Cheers rang out in the bed between the three of us, until we glanced up and saw the Doctor’s panicked expression, and noticed that we were pulling over mere blocks away from the Ogre. I looked up to see the relentless ticking of police lights behind us. Mechanically, we heard the amplified voice state to us to turn off the truck and exit the car. Woodenly, we all walked over to the curb next to the truck. Minutes passed. Finally, I had the nerve to look and see why the Police hadn’t approached us. The “cruiser” that was attached to the lights was painted all white. The hood had the words “V.P.” stenciled on it. And behind the windshield, two very old men sat staring at us.
“You pulled over for the Volunteer Patrol?” I hissed at the Doctor. He merely shrugged. The others insisted that we leave, since the “VP” were not real cops. The Doctor pointed out in calm, unflinching logic that they now had his plates and further flight was ludicrous to say the least. So we waited. We waited the longest time, on the side of the road, sitting on a curb in a quiet suburban neighborhood on a Sunday morning. We waited for the real Police to come and arrest us. It was ridiculous.
Ridiculous or not, the Police eventually came much later – conservatively, I’d say half an hour later.
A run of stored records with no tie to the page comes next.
lemma D_count_eq_1_imp_card_eq:
  assumes "D_count G = 1" "non_self_normalizing G H" "non_self_normalizing G K"
  shows "card K = card H"
  using subgroup_conj_class_memD(2)[OF D_count_eq_1_imp_conj[OF assms]] assms(2)
  unfolding non_self_normalizing_def by blast

lemma D_count_eq_1_imp_ex:
  assumes "D_count G = 1"
  shows "\<exists>H. non_self_normalizing G H"
proof (rule ccontr)
  assume "\<nexists>H. non_self_normalizing G H"
  then have "{H. non_self_normalizing G H} = {}"
    by blast
  then show False
    using assms by (simp add: D_count_eq_card_classes)
qed

lemma D_count_eq_1I:
  assumes "\<And>H. non_self_normalizing G H \<longleftrightarrow> H = S"
  shows "D_count G = 1"
proof -
  have "{H. non_self_normalizing G H} = {S}"
    using assms by auto
  then show ?thesis
    by (simp add: D_count_eq_card_classes)
qed

lemma D_count_eq_1_self_normalizing:
  assumes "D_count G = 1" "non_self_normalizing G H"
    and "subgroup K G" "prime (card K)" "card K \<noteq> card H"
  shows "normalizer G K = K"
  using D_count_eq_1_imp_card_eq[OF assms(1,2), of K] assms(3-5) subgroup_prime_card_nontrivial
  unfolding non_self_normalizing_def by blast

end

context finite_group begin

lemma finite_subgroup:
  "subgroup H G \<Longrightarrow> finite H"
  using finite_carrier subgroup.subset finite_subset by blast

lemma card_subgroup_dvd_order:
  assumes "subgroup H G"
  shows "card H dvd order G"
  using lagrange[OF assms] by (metis dvd_triv_right)

lemma subgroup_card_eq_order:
  assumes "subgroup H G" "card H = order G"
  shows "H = carrier G"
  using card_subset_eq[OF finite_carrier subgroup.subset[OF assms(1)]] assms(2)
  unfolding order_def by simp

lemma exists_subgroup_prime_power_card:
  assumes "prime p" "p ^ k dvd order G"
  shows "\<exists>H. subgroup H G \<and> card H = p ^ k"
  using sylow_thm[of p G k "order G div p ^ k"] assms finite_carrier is_group by auto

lemma exists_subgroup_prime_power_card_in:
  assumes "subgroup K G" "prime p" "p ^ k dvd card K"
  shows "\<exists>H. subgroup H G \<and> H \<subseteq> K \<and> card H = p ^ k"
proof -
  interpret K: finite_group "G\<lparr>carrier := K\<rparr>"
    using subgroup_imp_group[OF assms(1)] finite_subgroup[OF assms(1)]
    by (simp add: finite_group_def finite_group_axioms_def)
  obtain H where H: "subgroup H (G\<lparr>carrier := K\<rparr>)" "card H = p ^ k"
    using K.exists_subgroup_prime_power_card[of p k] assms by (auto simp: order_def)
  have "H \<subseteq> K"
    using subgroup.subset[OF H(1)] by simp
  then show ?thesis
    using incl_subgroup[OF assms(1) H(1)] H(2) by blast
qed

lemma prime_order_imp_cyclic:
  assumes "prime (order G)"
  shows "cyclic_group G"
proof -
  have "\<not> carrier G \<subseteq> {\<one>}"
  proof
    assume "carrier G \<subseteq> {\<one>}"
    then have "order G \<le> 1"
      unfolding order_def using card_mono[of "{\<one>}" "carrier G"] by simp
    then show False
      using prime_ge_2_nat[OF assms] by linarith
  qed
  then obtain y where y: "y \<in> carrier G" "y \<noteq> \<one>" by blast
  have sub: "subgroup (generate G {y}) G"
    using generate_is_subgroup y by simp
  have "generate G {y} \<noteq> {\<one>}"
    using y generate.incl[of y "{y}" G] by auto
  moreover have "card (generate G {y}) = 1 \<or> card (generate G {y}) = order G"
    using card_subgroup_dvd_order[OF sub] assms by (simp add: prime_nat_iff)
  ultimately have "generate G {y} = carrier G"
    using subgroup_card_eq_1_iff[OF sub] subgroup_card_eq_order[OF sub] by blast
  then show ?thesis
    using generate_singleton_eq_carrier_imp_cyclic y by blast
qed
Before that, the Ogre had found us – we hadn’t exactly made it far from him on our last escape, and was berating the VP with his howls, which had brought some of the citizenry out to watch the situation. The Police arrived, in a real cruiser, and first dispersed the crowd, such as it was. After having a muted conversation with the Senior Citizens, they began to walk toward the five of us. I muttered to the Doctor under my breath that the situation was very bad, the first words any of us had stated for a long time. His reply made any confidence I had left flee like a real fugitive: “Yeah, this is bad. And you know what? I just realized five minutes ago that I don’t have my license on me.”